Of the total, Denbury has spent $740 million as of Dec 31, 2013, to acquire a total of approximately 48 million common shares, or about 12% of shares outstanding at Sep 30, 2011, at an average cost of $15.55 per share. Of the total amount spent on repurchases, $78 million was spent in the fourth quarter to acquire approximately five million common shares at an average cost of $16.22 per share.

Denbury has a relatively low-risk business model as it produces oil by applying tertiary recovery techniques to mature fields. Tertiary operations remain the company’s principal focus. The company’s production from tertiary operations averaged 37,513 barrels per day in the third quarter, which represents a 7.8% increase year over year. Contributions from continued field development and expansion of facilities in Delhi, Hastings, Heidelberg and Oyster Bayou fields led to the increase.

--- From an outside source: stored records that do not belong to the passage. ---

(* Let $\gamma\geq0$ and $G=(V,E,\omega)\in\mathcal C_\gamma$. Let $S\subset V$ be nonempty and define $\tau_\kappa(S):=\frac12\|L\chi_S\|_{\mathcal V,\infty}^{-1}$. Let $\tau\geq0$ and let $S^1:=\{i\in V:(e^{-\tau L}\chi_S)_i\geq\frac12\}$ be the first set in the OKMBO evolution of $S^0=S$. If $0\leq\tau<\tau_\kappa(S)$, then $S^1=S$.
   Context: $\mathcal{G}$ is the set of finite, simple, connected, undirected, edge-weighted graphs $G=(V,E,\omega)$ with $V=\{1,\dots,n\}$, $n\geq2$, weights $\omega_{ij}=\omega_{ji}>0$ on edges, $0$ otherwise. $d_i=\sum_j\omega_{ij}$. $\mathcal V$: functions $V\to\mathbb R$; $\|u\|_{\mathcal V,\infty}=\max_i|u_i|$; $\chi_S$ indicator of $S$. Fixed $r\in[0,1]$: $(\Delta u)_i=d_i^{-r}\sum_j\omega_{ij}(u_i-u_j)$, $\mathcal M(u)=\sum_id_i^ru_i$, $\mathrm{vol}(V)=\sum_id_i^r$, $\mathcal A(u)=\frac{\mathcal M(u)}{\mathrm{vol}(V)}\chi_V$. For $u\in\mathcal V$ let $\varphi$ be the unique solution of $\Delta\varphi=u-\mathcal A(u)$, $\mathcal M(\varphi)=0$, and $Lu:=\Delta u+\gamma\varphi$; $e^{-\tau L}$ is the operator exponential (so $e^{-\tau L}u_0$ is the value at time $\tau$ of the solution of $du/dt=-Lu$, $u(0)=u_0$). Equilibrium measure $\nu^S$ ($S\subsetneq V$): unique $\nu$ with $(\Delta\nu)_i=1$ on $S$, $\nu=0$ off $S$. $f^j:=\nu^{V\setminus\{j\}}-\mathcal A(\nu^{V\setminus\{j\}})$. $\mathcal C^0=\{G\in\mathcal G:\forall j\ \forall i\neq j:\ \omega_{ij}>0\text{ or }f^j_i\geq0\}$; for $\gamma>0$, $\mathcal C_\gamma=\{G\in\mathcal C^0:\forall j\ \forall i\neq j:\ \omega_{ij}=0\text{ or }d_i^{-r}\omega_{ij}+\gamma\frac{d_j^r}{\mathrm{vol}(V)}f^j_i>0\}$; $\mathcal C_0:=\mathcal G$. *)

theory Defs
  imports "HOL-Analysis.Analysis"
begin

text \<open>A graph on V = {1..n} is given by n and a weight function w; only the
values of w on V x V are relevant.  Functions on V are functions nat => real,
only their values on V are relevant.\<close>

definition Vset :: "nat \<Rightarrow> nat set" where
  "Vset n = {1..n}"

definition is_graph :: "nat \<Rightarrow> (nat \<Rightarrow> nat \<Rightarrow> real) \<Rightarrow> bool" where
  "is_graph n w \<longleftrightarrow> n \<ge> 2 \<and>
     (\<forall>i\<in>Vset n. \<forall>j\<in>Vset n. w i j = w j i \<and> w i j \<ge> 0) \<and>
     (\<forall>i\<in>Vset n. w i i = 0) \<and>
     (\<forall>i\<in>Vset n. \<forall>j\<in>Vset n.
        (i, j) \<in> {(a, b). a \<in> Vset n \<and> b \<in> Vset n \<and> w a b > 0}\<^sup>*)"

definition deg :: "nat \<Rightarrow> (nat \<Rightarrow> nat \<Rightarrow> real) \<Rightarrow> nat \<Rightarrow> real" where
  "deg n w i = (\<Sum>j\<in>Vset n. w i j)"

Denbury Resources remains on track to continue its growth momentum. The company, driven by higher contribution from its core tertiary operation, is steadily yielding more. As the company’s production is fairly oil weighted, we view strong earnings and cash flow visibility in the future.

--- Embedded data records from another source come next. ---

lemma pagerank_gt_if_few_high_degree_neighbours:
  assumes G: "lf_conn_rooted_graph V E phi"
    and c: "0 < c" "c < 1" and \<alpha>: "0 < \<alpha>" and \<epsilon>: "0 < \<epsilon>"
    and deg_large: "real (deg E phi) > \<alpha> * k / (\<epsilon> * c * (1 - c))"
    and few_high: "real (deg_ge \<alpha> E phi) < (1 - \<epsilon>) * real (deg E phi)"
  shows "pagerank c V E phi > ennreal k"
proof -
  define S where "S = (\<Sum>j | E phi j. 1 / real (deg E j))"
  have "finite {j. E phi j}"
    using G by (rule lf_conn_rooted_graph_finite_neighbours)
  then have "\<epsilon> * real (deg E phi) < real (card {j. E phi j \<and> real (deg E j) < \<alpha>})"
    using few_high deg_eq_deg_ge_plus_card_low_degree[of E phi \<alpha>] by (simp add: algebra_simps)
  then have "\<epsilon> * real (deg E phi) / \<alpha> < real (card {j. E phi j \<and> real (deg E j) < \<alpha>}) / \<alpha>"
    using \<alpha> by (rule divide_strict_right_mono)
  also have "\<dots> \<le> S"
    unfolding S_def using G \<alpha> by (rule sum_inverse_deg_neighbours_ge_card_low_degree)
  finally have "\<epsilon> * real (deg E phi) / \<alpha> < S" .
  then have "(1 - c) * c * (\<epsilon> * real (deg E phi) / \<alpha>) < (1 - c) * c * S"
    using c by (intro mult_strict_left_mono) auto
  moreover have "k < (1 - c) * c * (\<epsilon> * real (deg E phi) / \<alpha>)"
    using deg_large c \<alpha> \<epsilon> by (simp add: field_simps)
  moreover have "0 \<le> (1 - c) * c * (\<epsilon> * real (deg E phi) / \<alpha>)"
    using c \<epsilon> \<alpha> by simp
  ultimately have "k < (1 - c) * c * S" and "0 < (1 - c) * c * S"
    by linarith+
  then have "ennreal k < ennreal ((1 - c) * c * S)"
    by (simp add: ennreal_lessI)
  also have "\<dots> \<le> pagerank c V E phi"
    unfolding S_def using G c by (intro pagerank_ge_sum_inverse_deg_neighbours) auto
  finally show ?thesis .
qed

lemma ge_one_plus_vanishing_mult_if_le_plus_smallo:
  fixes a b r :: "'x \<Rightarrow> real"
  assumes "r \<in> o[F](b)"
    and "\<forall>\<^sub>F x in F. b x \<le> a x + r x" and "\<forall>\<^sub>F x in F. 0 \<le> a x"
  shows "\<exists>h. (h \<longlongrightarrow> 0) F \<and> (\<forall>\<^sub>F x in F. (1 + h x) * b x \<le> a x)"
proof (intro exI conjI)
  show "((\<lambda>x. - (r x / b x)) \<longlongrightarrow> 0) F"
    using tendsto_minus[OF smalloD_tendsto[OF assms(1)]] by simp
  show "\<forall>\<^sub>F x in F. (1 + - (r x / b x)) * b x \<le> a x"
    using assms(2,3)
  proof eventually_elim
    case (elim x)
    \<comment> \<open>where \<open>b x = 0\<close>, division by zero makes \<open>h x = 0\<close> and the claim is just \<open>0 \<le> a x\<close>\<close>
    show ?case
    proof (cases "b x = 0")
      case False
      then have "(1 + - (r x / b x)) * b x = b x - r x"
        by (simp add: algebra_simps)
      then show ?thesis
        using elim by simp
    qed (use elim in simp)
  qed
qed

lemma deg_gt_events_subset_pagerank_gt_Un_many_high_degree:
  fixes phi :: "'a \<Rightarrow> 'v" and k :: real
  assumes "\<forall>\<omega>\<in>\<Omega>. lf_conn_rooted_graph (V \<omega>) (E \<omega>) (phi \<omega>)"
    and "0 < c" "c < 1" "0 < \<alpha>" "0 < \<epsilon>"
  defines "K \<equiv> \<alpha> * k / (\<epsilon> * c * (1 - c))"
  shows "{\<omega> \<in> \<Omega>. real (deg (E \<omega>) (phi \<omega>)) > K}
    \<subseteq> {\<omega> \<in> \<Omega>. pagerank c (V \<omega>) (E \<omega>) (phi \<omega>) > ennreal k}
      \<union> {\<omega> \<in> \<Omega>. real (deg (E \<omega>) (phi \<omega>)) > K \<and>
          real (deg_ge \<alpha> (E \<omega>) (phi \<omega>)) \<ge> (1 - \<epsilon>) * real (deg (E \<omega>) (phi \<omega>))}"
    (is "?B \<subseteq> ?A \<union> ?C")
proof
  fix \<omega> assume \<omega>: "\<omega> \<in> ?B"
  then have "lf_conn_rooted_graph (V \<omega>) (E \<omega>) (phi \<omega>)"
    using assms(1) by blast
  then have "real (deg_ge \<alpha> (E \<omega>) (phi \<omega>)) < (1 - \<epsilon>) * real (deg (E \<omega>) (phi \<omega>)) \<Longrightarrow>
      pagerank c (V \<omega>) (E \<omega>) (phi \<omega>) > ennreal k"
    using \<omega> assms(2-5) unfolding K_def by (intro pagerank_gt_if_few_high_degree_neighbours) auto
  then show "\<omega> \<in> ?A \<union> ?C"
    using \<omega> by (auto simp: not_le)
qed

Denbury expects 2013 production in the range of 68,700–71,700 barrels of oil equivalent per day (Boe/d). Strong growth from the company's high-growth projects at Delhi, Hastings and Oyster Bayou should drive production toward the higher end of the guided range. This will aid the company in effectively replacing all of the sold Bakken production. The tertiary production growth was set at 6–14%, reflecting normal year-to-year variability. Capital expenditure was set at $1.06 billion for the year, of which approximately 85% of the total capital outlay is for tertiary projects. The balance will likely be for conventional projects, primarily in the Cedar Creek Anticline (CCA).

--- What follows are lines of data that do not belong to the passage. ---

(* If the quadrilateral $Q$ in $K^2$ has no parallel sides and no parallel diagonals, then a pair of bisectors of $Q$ is $Q$-antipodal if and only if it is $Q$-orthogonal.
   Context: $K$ is a field of characteristic $\neq 2$. Every line $L$ in $K^2$ has an equation $tX-uY+v=0$ normalized so that $t=1$ if $u=0$ and $u=1$ if $u\neq 0$; coefficients denoted $t_L,u_L,v_L$. A quadrilateral $Q=ABA'B'$ consists of four distinct lines $A,B,A',B'$ (sides), not all through one point, with adjacent sides ($A,B$; $B,A'$; $A',B'$; $B',A$) not parallel; opposite sides may be parallel. Vertices: $A\cap B$, $B\cap A'$, $A'\cap B'$, $B'\cap A$ (two may coincide if three sides are concurrent). Diagonals: the lines through nonadjacent vertices. The centroid is the average of the four vertices. Let $\alpha=t_Au_Bu_{A'}u_{B'}-u_At_Bu_{A'}u_{B'}+u_Au_Bt_{A'}u_{B'}-u_Au_Bu_{A'}t_{B'}$, $\beta=t_Au_Bt_{A'}u_{B'}-u_At_Bu_{A'}t_{B'}$, $\gamma=t_At_Bt_{A'}u_{B'}-t_At_Bu_{A'}t_{B'}+t_Au_Bt_{A'}t_{B'}-u_At_Bt_{A'}t_{B'}$, and $\langle \mathbf v,\mathbf w\rangle_Q=\mathbf v^T\begin{pmatrix}\gamma&-\beta\\-\beta&\alpha\end{pmatrix}\mathbf w$. Lines $\ell_1,\ell_2$ are $Q$-orthogonal if $\langle (u_{\ell_1},t_{\ell_1}),(u_{\ell_2},t_{\ell_2})\rangle_Q=0$. A line $\ell$ crosses a pair $\{\ell_1,\ell_2\}$ if distinct from both and not parallel to both; $\mathrm{mid}_{\{\ell_1,\ell_2\}}(\ell)$ is the midpoint of the points where $\ell$ meets $\ell_1,\ell_2$ (the point at infinity of $\ell$ if one is at infinity). $\ell$ bisects $Q$ (is a bisector) if $\mathrm{mid}_{\mathsf P}(\ell)$ is the same for all pairs $\mathsf P$ among $\{A,A'\},\{B,B'\}$ that $\ell$ crosses; this common point is the midpoint of the bisector. A pair $\{\ell_1,\ell_2\}$ of bisectors (possibly $\ell_1=\ell_2$) is $Q$-antipodal if the midpoint of their midpoints is the centroid of $Q$. *)

theory Defs
  imports Main
begin

text \<open>A line is represented by its normalized coefficient triple (t,u,v), standing for the
equation t X - u Y + v = 0, normalized so that t = 1 if u = 0 and u = 1 if u is nonzero.
With this normalization every line has exactly one representing triple.\<close>

type_synonym 'a line = "'a \<times> 'a \<times> 'a"

definition tL :: "'a line \<Rightarrow> 'a" where "tL L = fst L"
definition uL :: "'a line \<Rightarrow> 'a" where "uL L = fst (snd L)"
definition vL :: "'a line \<Rightarrow> 'a" where "vL L = snd (snd L)"

definition is_line :: "('a::field) line \<Rightarrow> bool" where
  "is_line L \<longleftrightarrow> (uL L = 0 \<and> tL L = 1) \<or> uL L = 1"

definition on_line :: "('a::field) \<times> 'a \<Rightarrow> 'a line \<Rightarrow> bool" where
  "on_line p L \<longleftrightarrow> tL L * fst p - uL L * snd p + vL L = 0"

definition parallel :: "('a::field) line \<Rightarrow> 'a line \<Rightarrow> bool" where
  "parallel L M \<longleftrightarrow> tL L = tL M \<and> uL L = uL M"

definition meet :: "('a::field) line \<Rightarrow> 'a line \<Rightarrow> 'a \<times> 'a" where
  "meet L M = (THE p. on_line p L \<and> on_line p M)"

definition line_through :: "('a::field) \<times> 'a \<Rightarrow> 'a \<times> 'a \<Rightarrow> 'a line" where
  "line_through p q = (THE L. is_line L \<and> on_line p L \<and> on_line q L)"

definition midpt :: "('a::field) \<times> 'a \<Rightarrow> 'a \<times> 'a \<Rightarrow> 'a \<times> 'a" where
  "midpt p q = ((fst p + fst q) / 2, (snd p + snd q) / 2)"

definition is_quad :: "('a::field) line \<Rightarrow> 'a line \<Rightarrow> 'a line \<Rightarrow> 'a line \<Rightarrow> bool" where
  "is_quad A B A' B' \<longleftrightarrow>
     is_line A \<and> is_line B \<and> is_line A' \<and> is_line B' \<and>
     distinct [A, B, A', B'] \<and>
     \<not> (\<exists>p. on_line p A \<and> on_line p B \<and> on_line p A' \<and> on_line p B') \<and>
     \<not> parallel A B \<and> \<not> parallel B A' \<and> \<not> parallel A' B' \<and> \<not> parallel B' A"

Oil price realization (including the impact of hedges) averaged $105.80 per barrel in the quarter, showing a rise of 13.8% year over year, while gas prices contracted 38.9% year over year to $3.38 per Mcf. On an oil equivalent basis, the overall price realization was $101.22 per barrel, up almost 14% from the year-earlier level of $88.77 per barrel.

On the flip side, we remain cautious due to high cost levels associated with the tertiary oil recovery method and harsh weather conditions that might restrict the activity level.

Plano, Texas-based Denbury Resources is a growing exploration and production company engaged in the acquisition, development, operation and exploration of oil and natural gas properties in the Gulf Coast and Rocky Mountain region of the U.S. It is the largest oil producer in Mississippi, with further properties in Louisiana, Alabama and Southeast Texas.

Denbury carries a Zacks #3 Rank (short-term Hold rating). However, there are better-ranked stocks in the oil and gas sector – CVR Energy Inc. , Pacific Drilling S.A. and LRR Energy L.P. – which hold a Zacks Rank #1 (Strong Buy) and are expected to outperform the market.